Scientific classification
- Kingdom: Animalia
- Phylum: Chordata
- Class: Aves
- Order: Piciformes
- Family: Galbulidae
- Genus: Brachygalba
- Species: B. salmoni
- Binomial name: Brachygalba salmoni Sclater, PL & Salvin, 1879

= Dusky-backed jacamar =

- Genus: Brachygalba
- Species: salmoni
- Authority: Sclater, PL & Salvin, 1879
- Conservation status: LC

Species of bird

The dusky-backed jacamar (Brachygalba salmoni) is a species of bird in the family Galbulidae. It is found in Colombia and Panama.

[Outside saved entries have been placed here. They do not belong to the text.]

lemma endpoints_graph_image:
  assumes "pa_graph n E" "inj_on f (\<Union>E)"
  shows "endpoints ((\<lambda>e. f ` e) ` E) = image_mset f (endpoints E)"
proof -
  have "inj_on (\<lambda>e. f ` e) E"
    using inj_on_image_eq_iff[OF assms(2)] by (auto simp: inj_on_def)
  then have "endpoints ((\<lambda>e. f ` e) ` E) = (\<Sum>e\<in>E. mset_set (f ` e))"
    unfolding endpoints_def by (simp add: sum.reindex)
  also have "\<dots> = (\<Sum>e\<in>E. image_mset f (mset_set e))"
    using inj_on_subset[OF assms(2)] by (intro sum.cong refl) (simp add: image_mset_mset_set Union_upper)
  finally show ?thesis
    unfolding endpoints_def image_mset_sum .
qed

lemma graph_iso_endpoints:
  assumes "pa_graph n E" "graph_iso E E'"
  obtains f where "inj_on f (\<Union>E)" "(\<lambda>e. f ` e) ` E = E'"
    "endpoints E' = image_mset f (endpoints E)"
  using assms endpoints_graph_image unfolding graph_iso_def by blast

lemma pmf_of_multiset_image_mset:
  assumes "M \<noteq> {#}"
  shows "pmf_of_multiset (image_mset f M) = map_pmf f (pmf_of_multiset M)"
proof (rule pmf_eqI)
  fix y
  have "pmf (map_pmf f (pmf_of_multiset M)) y = measure (pmf_of_multiset M) (f -` {y} \<inter> set_mset M)"
    using measure_Int_set_pmf[of "pmf_of_multiset M" "f -` {y}"] assms by (simp add: pmf_map Int_commute)
  also have "\<dots> = (\<Sum>x\<in>f -` {y} \<inter> set_mset M. count M x / size M)"
    using assms by (subst measure_measure_pmf_finite) auto
  also have "\<dots> = count (image_mset f M) y / size M"
    by (simp add: count_image_mset sum_divide_distrib)
  finally show "pmf (pmf_of_multiset (image_mset f M)) y = pmf (map_pmf f (pmf_of_multiset M)) y"
    using assms by simp
qed
lemma power2_smallo_at_0: "(\<lambda>h::'a::real_normed_field. h ^ 2) \<in> o[at 0](\<lambda>h. h)"
proof (rule smalloI_tendsto)
  have "\<forall>\<^sub>F h in at (0::'a). h = h ^ 2 / h"
    by (auto simp: eventually_at_filter power2_eq_square)
  then show "((\<lambda>h::'a. h ^ 2 / h) \<longlongrightarrow> 0) (at 0)"
    by (rule Lim_transform_eventually[OF tendsto_ident_at])
  show "\<forall>\<^sub>F h in at (0::'a). h \<noteq> 0"
    by (simp add: eventually_at_filter)
qed

lemma filterlim_of_real_at_0:
  "filterlim (of_real :: real \<Rightarrow> 'a::real_normed_div_algebra) (at 0) (at 0)"
proof (rule filterlim_atI)
  show "((of_real :: real \<Rightarrow> 'a) \<longlongrightarrow> 0) (at 0)"
    using tendsto_of_real[OF tendsto_ident_at[of 0 UNIV]] by simp
qed (simp add: eventually_at_filter)

lemma tendsto_difference_quotient_of_real:
  fixes f :: "complex \<Rightarrow> complex"
  assumes "(\<lambda>h. f h - h * c) \<in> O[at 0](\<lambda>h. h ^ 2)"
  shows "((\<lambda>t. (1 / t) *\<^sub>R f (of_real t)) \<longlongrightarrow> c) (at 0)"
proof -
  have "(\<lambda>h. f h - h * c) \<in> o[at 0](\<lambda>h. h)"
    using assms power2_smallo_at_0 by (rule landau_o.big_small_trans)
  then have "(\<lambda>t. f (of_real t) - of_real t * c) \<in> o[at 0](\<lambda>t::real. of_real t)"
    by (rule landau_o.small.compose[OF _ filterlim_of_real_at_0])
  then have "((\<lambda>t. (f (of_real t) - of_real t * c) / of_real t) \<longlongrightarrow> 0) (at (0::real))"
    by (rule smalloD_tendsto)
  then have "((\<lambda>t. (f (of_real t) - of_real t * c) / of_real t + c) \<longlongrightarrow> c) (at (0::real))"
    using tendsto_add[OF _ tendsto_const[of c]] by fastforce
  moreover have "\<forall>\<^sub>F t in at (0::real).
      (f (of_real t) - of_real t * c) / of_real t + c = (1 / t) *\<^sub>R f (of_real t)"
    by (auto simp: eventually_at_filter scaleR_conv_of_real field_simps)
  ultimately show ?thesis
    by (rule Lim_transform_eventually)
qed

lemma eventually_exp_of_real_near_1:
  assumes "e > 0"
  shows "\<forall>\<^sub>F t in at (0::real).
    exp (complex_of_real t) \<in> ball 1 e \<and> exp (complex_of_real t) \<noteq> 1"
proof -
  have "((\<lambda>t. exp t) \<longlongrightarrow> 1) (at (0::real))"
    using tendsto_exp[OF tendsto_ident_at, of 0 UNIV] by simp
  then have "\<forall>\<^sub>F t in at (0::real). dist (exp t) 1 < e"
    using assms by (rule tendstoD)
  moreover have "\<forall>\<^sub>F t in at (0::real). t \<noteq> 0"
    by (simp add: eventually_at_filter)
  ultimately show ?thesis
  proof eventually_elim
    case (elim t)
    have "dist 1 (exp (complex_of_real t)) = dist (exp t) 1"
      by (metis dist_commute dist_of_real exp_of_real of_real_1)
    moreover have "exp (complex_of_real t) \<noteq> 1"
      using elim(2) by (metis exp_eq_one_iff exp_of_real of_real_eq_1_iff)
    ultimately show ?case using elim(1) by simp
  qed
qed

section \<open>First-order terms of the Hecke and Yang-Baxter relations\<close>

lemma commutator_sum_eq_0_if_yang_baxter_family:
  fixes Z1 Z2 Z3 :: "real \<Rightarrow> 'a::real_normed_algebra_1^'n^'n"
  assumes lim: "(Z1 \<longlongrightarrow> a1) (at 0)" "(Z2 \<longlongrightarrow> a2) (at 0)" "(Z3 \<longlongrightarrow> a3) (at 0)"
    and ybe: "\<forall>\<^sub>F t in at 0.
      (mat 1 + t *\<^sub>R Z1 t) ** (mat 1 + t *\<^sub>R Z2 t) ** (mat 1 + t *\<^sub>R Z3 t) =
      (mat 1 + t *\<^sub>R Z3 t) ** (mat 1 + t *\<^sub>R Z2 t) ** (mat 1 + t *\<^sub>R Z1 t)"
  shows "(a1 ** a2 - a2 ** a1) + (a1 ** a3 - a3 ** a1) + (a2 ** a3 - a3 ** a2) = 0"
proof -
  let ?C = "\<lambda>A B C. (A ** B - B ** A) + (A ** C - C ** A) + (B ** C - C ** B)"
  let ?D = "\<lambda>A B C. C ** B ** A - A ** B ** C"
  have eq: "\<forall>\<^sub>F t in at 0. t *\<^sub>R ?D (Z1 t) (Z2 t) (Z3 t) = ?C (Z1 t) (Z2 t) (Z3 t)"
    using ybe eventually_neq_at_within[of 0]
  proof eventually_elim
    case (elim t)
    then have "t\<^sup>2 *\<^sub>R (t *\<^sub>R ?D (Z1 t) (Z2 t) (Z3 t)) = t\<^sup>2 *\<^sub>R ?C (Z1 t) (Z2 t) (Z3 t)"
      by (simp add: matrix_triple_product_expand matrix_scaleR_mult_scaleR power2_eq_square
          algebra_simps)
    then show ?case
      by (rule scaleR_left_imp_eq[rotated]) (use elim(2) in simp)
  qed
  have "((\<lambda>t. t *\<^sub>R ?D (Z1 t) (Z2 t) (Z3 t)) \<longlongrightarrow> 0 *\<^sub>R ?D a1 a2 a3) (at 0)"
    by (intro tendsto_intros lim)
  then have lim0: "((\<lambda>t. ?C (Z1 t) (Z2 t) (Z3 t)) \<longlongrightarrow> 0) (at 0)"
    unfolding scaleR_zero_left using eq by (rule Lim_transform_eventually)
  have "((\<lambda>t. ?C (Z1 t) (Z2 t) (Z3 t)) \<longlongrightarrow> ?C a1 a2 a3) (at 0)"
    by (intro tendsto_intros lim)
  from tendsto_unique[OF trivial_limit_at this lim0] show ?thesis .
qed

lemma unitarity_if_hecke_family:
  fixes Z :: "real \<Rightarrow> 'a::real_normed_algebra_1^'n^'n"
  assumes F2: "F ** F = mat 1"
    and lim: "(Z \<longlongrightarrow> r) (at 0)" "((\<lambda>t. s t / t) \<longlongrightarrow> 2) (at 0)"
    and hecke: "\<forall>\<^sub>F t in at 0. ((mat 1 + t *\<^sub>R Z t) ** F) ** ((mat 1 + t *\<^sub>R Z t) ** F) =
      mat 1 + s t *\<^sub>R ((mat 1 + t *\<^sub>R Z t) ** F)"
  shows "r + F ** r ** F = F + F"
proof -
  have FF: "X ** F ** F = X" for X
    by (simp add: F2 flip: matrix_mul_assoc)
  let ?L = "\<lambda>t. Z t + F ** Z t ** F + t *\<^sub>R (Z t ** F ** Z t ** F)"
  let ?R = "\<lambda>t. (s t / t) *\<^sub>R (F + t *\<^sub>R (Z t ** F))"
  have eq: "\<forall>\<^sub>F t in at 0. ?R t = ?L t"
    using hecke eventually_neq_at_within[of 0]
  proof eventually_elim
    case (elim t)
    have expand: "t *\<^sub>R ?L t = s t *\<^sub>R (F + t *\<^sub>R (Z t ** F))"
      using elim(1)
      by (simp add: matrix_add_ldistrib matrix_add_rdistrib matrix_scaleR_mult_scaleR
          matrix_scalar_ac matrix_mul_assoc F2 FF power2_eq_square algebra_simps
          flip: scalar_matrix_assoc)
    have "?R t = (1 / t) *\<^sub>R (s t *\<^sub>R (F + t *\<^sub>R (Z t ** F)))"
      unfolding scaleR_scaleR by simp
    also have "\<dots> = ?L t"
      using elim(2) by (simp only: expand[symmetric]) simp
    finally show ?case .
  qed
  have "(?R \<longlongrightarrow> 2 *\<^sub>R (F + 0 *\<^sub>R (r ** F))) (at 0)"
    by (intro tendsto_intros lim)
  then have limL: "(?L \<longlongrightarrow> F + F) (at 0)"
    unfolding scaleR_zero_left add_0_right scaleR_2 using eq by (rule Lim_transform_eventually)
  have "(?L \<longlongrightarrow> r + F ** r ** F + 0 *\<^sub>R (r ** F ** r ** F)) (at 0)"
    by (intro tendsto_intros lim)
  then have "(?L \<longlongrightarrow> r + F ** r ** F) (at 0)"
    by simp
  from tendsto_unique[OF trivial_limit_at this limL] show ?thesis .
qed

lemma classical_unitarity:
  fixes F r :: "('n::finite) end2" and R :: "real \<Rightarrow> 'n end2"
  assumes F2: "F ** F = mat 1"
    and hecke: "\<forall>\<^sub>F t in at 0. hecke_symmetry (exp (of_real t)) (R t)"
    and lim: "((\<lambda>t. (1 / t) *\<^sub>R (R t ** F - mat 1)) \<longlongrightarrow> r) (at 0)"
  shows "r + bar21 F r = F + F"
proof -
  define Z where "Z t = (1 / t) *\<^sub>R (R t ** F - mat 1)" for t
  define s where "s t = exp t - inverse (exp t)" for t :: real
  have "\<forall>\<^sub>F t in at 0. ((mat 1 + t *\<^sub>R Z t) ** F) ** ((mat 1 + t *\<^sub>R Z t) ** F) =
      mat 1 + s t *\<^sub>R ((mat 1 + t *\<^sub>R Z t) ** F)"
    using hecke eventually_neq_at_within[of 0]
  proof eventually_elim
    case (elim t)
    have R: "(mat 1 + t *\<^sub>R Z t) ** F = R t"
      using elim(2) by (simp add: Z_def F2 flip: matrix_mul_assoc)
    have "exp (complex_of_real t) - inverse (exp (complex_of_real t)) = of_real (s t)"
      by (simp add: s_def exp_of_real)
    then show ?case
      unfolding R using hecke_square[OF elim(1)] by (simp add: mat_of_real_mult)
  qed
  from unitarity_if_hecke_family[OF F2 lim[folded Z_def]
      tendsto_exp_minus_inverse_exp_div[folded s_def] this]
  show ?thesis
    by (simp add: bar21_def)
qed

lemma classical_yang_baxter:
  fixes F r :: "('n::finite) end2" and R :: "real \<Rightarrow> 'n end2"
  assumes F2: "F ** F = mat 1" and "braiding F"
    and braid: "\<forall>\<^sub>F t in at 0. braiding (R t) \<and> compatible (R t) F"
    and lim: "((\<lambda>t. (1 / t) *\<^sub>R (R t ** F - mat 1)) \<longlongrightarrow> r) (at 0)"
  shows "commut (bar12 F r) (bar13 F r) + commut (bar12 F r) (bar23 F r)
           + commut (bar13 F r) (bar23 F r) = 0"
proof -
  define S P P' where "S = leg23 F" and "P = leg12 F ** leg23 F" and "P' = leg23 F ** leg12 F"
  have SS: "S ** S = mat 1"
    using F2 by (simp add: S_def leg23_involution)
  have "P ** P' = leg12 F ** (leg23 F ** leg23 F) ** leg12 F"
    by (simp add: P_def P'_def matrix_mul_assoc)
  then have PP': "P ** P' = mat 1"
    using F2 by (simp add: leg12_involution leg23_involution)
  have bars: "bar12 F X = leg12 X" "bar13 F X = S ** leg12 X ** S"
    "bar23 F X = P ** leg12 X ** P'" for X
    by (simp_all add: bar12_def bar13_involution[OF F2] bar23_involution[OF F2] S_def P_def P'_def)
  define Z where "Z t = (1 / t) *\<^sub>R (R t ** F - mat 1)" for t
  define Y1 Y2 Y3 where "Y1 = (\<lambda>t. leg12 (Z t))" and "Y2 = (\<lambda>t. S ** leg12 (Z t) ** S)"
    and "Y3 = (\<lambda>t. P ** leg12 (Z t) ** P')"
  have "\<forall>\<^sub>F t in at 0.
      (mat 1 + t *\<^sub>R Y1 t) ** (mat 1 + t *\<^sub>R Y2 t) ** (mat 1 + t *\<^sub>R Y3 t) =
      (mat 1 + t *\<^sub>R Y3 t) ** (mat 1 + t *\<^sub>R Y2 t) ** (mat 1 + t *\<^sub>R Y1 t)"
    using braid eventually_neq_at_within[of 0]
  proof eventually_elim
    case (elim t)
    have "R t ** F = mat 1 + t *\<^sub>R Z t"
      using elim(2) by (simp add: Z_def)
    then have "leg12 (R t ** F) = mat 1 + t *\<^sub>R Y1 t"
      by (simp add: Y1_def leg12_add leg12_scaleR leg12_mat_1)
    then show ?case
      using transferred_yang_baxter[OF F2 \<open>braiding F\<close>, of "R t"] elim(1)
      by (simp add: bars Y1_def Y2_def Y3_def matrix_conj_one_plus_scaleR SS PP')
  qed
  moreover have "(Y1 \<longlongrightarrow> leg12 r) (at 0)" "(Y2 \<longlongrightarrow> S ** leg12 r ** S) (at 0)"
    "(Y3 \<longlongrightarrow> P ** leg12 r ** P') (at 0)"
    unfolding Y1_def Y2_def Y3_def by (intro tendsto_intros lim[folded Z_def])+
  ultimately show ?thesis
    using commutator_sum_eq_0_if_yang_baxter_family by (simp add: bars commut_def)
qed

theorem mainTheorem1:
  fixes F r :: "('n::finite) end2"
    and R :: "complex \<Rightarrow> 'n end2"
  assumes invF: "involutive_symmetry F"
    and family: "\<exists>e>0. (\<forall>i j. (\<lambda>q. R q $ i $ j) analytic_on ball 1 e) \<and>
                   (\<forall>q\<in>ball 1 e. q \<noteq> 1 \<longrightarrow> hecke_symmetry q (R q)) \<and>
                   (\<forall>q\<in>ball 1 e. compatible (R q) F)"
    and R1: "R 1 = F"
    and expansion: "\<forall>i j. (\<lambda>h. (R (exp h) ** F) $ i $ j - mat 1 $ i $ j - h * r $ i $ j)
                         \<in> O[at 0](\<lambda>h. h ^ 2)"
  shows "r + bar21 F r = F + F \<and>
         commut (bar12 F r) (bar13 F r) + commut (bar12 F r) (bar23 F r)
           + commut (bar13 F r) (bar23 F r) = 0"
proof -
  obtain e where "e > 0" and hecke: "\<forall>q\<in>ball 1 e. q \<noteq> 1 \<longrightarrow> hecke_symmetry q (R q)"
    and compat: "\<forall>q\<in>ball 1 e. compatible (R q) F"
    using family by blast
  have F2: "F ** F = mat 1" and "braiding F"
    using invF by (simp_all add: involutive_symmetry_def)
  have near: "\<forall>\<^sub>F t in at 0. hecke_symmetry (exp (of_real t)) (R (exp (of_real t))) \<and>
      compatible (R (exp (of_real t))) F"
    using eventually_exp_of_real_near_1[OF \<open>e > 0\<close>] by eventually_elim (simp add: hecke compat)
  have "((\<lambda>t. (1 / t) *\<^sub>R (R (exp (of_real t)) ** F - mat 1) $ i $ j) \<longlongrightarrow> r $ i $ j) (at 0)"
    for i j
  proof -
    have "(\<lambda>h. (R (exp h) ** F) $ i $ j - mat 1 $ i $ j - h * r $ i $ j) \<in> O[at 0](\<lambda>h. h ^ 2)"
      using expansion by blast
    from tendsto_difference_quotient_of_real[OF this] show ?thesis
      by simp
  qed
  then have lim: "((\<lambda>t. (1 / t) *\<^sub>R (R (exp (of_real t)) ** F - mat 1)) \<longlongrightarrow> r) (at 0)"
    by (auto intro!: vec_tendstoI)
  have "r + bar21 F r = F + F"
    using F2 near lim by (intro classical_unitarity) (auto elim: eventually_mono)
  moreover have "commut (bar12 F r) (bar13 F r) + commut (bar12 F r) (bar23 F r)
           + commut (bar13 F r) (bar23 F r) = 0"
    using F2 \<open>braiding F\<close> near lim
    by (intro classical_yang_baxter) (auto elim: eventually_mono simp: hecke_symmetry_def)
  ultimately show ?thesis ..
qed

end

==Taxonomy and systematics==

The dusky-backed jacamar is monotypic. It and the pale-headed (B. goeringi), brown (B. lugubris), and white-throated jacamars (B. albogularis) form a superspecies.

==Description==

The dusky-backed jacamar is 16.5 to 18 cm long. Males weigh 18.5 g and females 16 g. The male's upper parts, chest, and flanks are dark greenish black that appears bluish when worn. Its cheeks are sooty, the throat white or whitish, and the belly and breast cinnamon. The female is similar but its throat is buff.

==Distribution and habitat==

The dusky-backed jacamar is found in Panama's Darién Province and the adjoining and nearby northern Chocó, northern Antioquia, and southern Córdoba Departments of Colombia. There is also an isolated population in northern Bolívar Department, Colombia, that at one time was thought to be a subspecies. It inhabits humid primary and secondary forest. It is found in edges, such as by clearings and along streams, rather than the forest interior. In elevation it ranges up to 700 m.

==Behavior==
===Feeding===

The dusky-backed jacamar preys on a variety of flying insects that it catches by flying from a perch. It often perches and hunts in pairs or small family groups.

===Breeding===

Though the dusky-backed jacamar is assumed to nest in burrows in earth banks, there is no documentation of its breeding phenology. Birds in breeding condition were noted during January and February in Colombia.

===Vocalization===

The dusky-backed jacamar has a complex song . Its call is described as an "upwardly inflected 'sweet' or 'feet'...sometimes expanded to...a longer series" .

==Status==

The IUCN has assessed the dusky-backed jacamar as being of Least Concern. It is scarce overall but locally common in its small range, though it "[t]olerates, or perhaps even prefers, a degree of habitat disturbance". The isolated Bolívar population might be vulnerable to habitat destruction.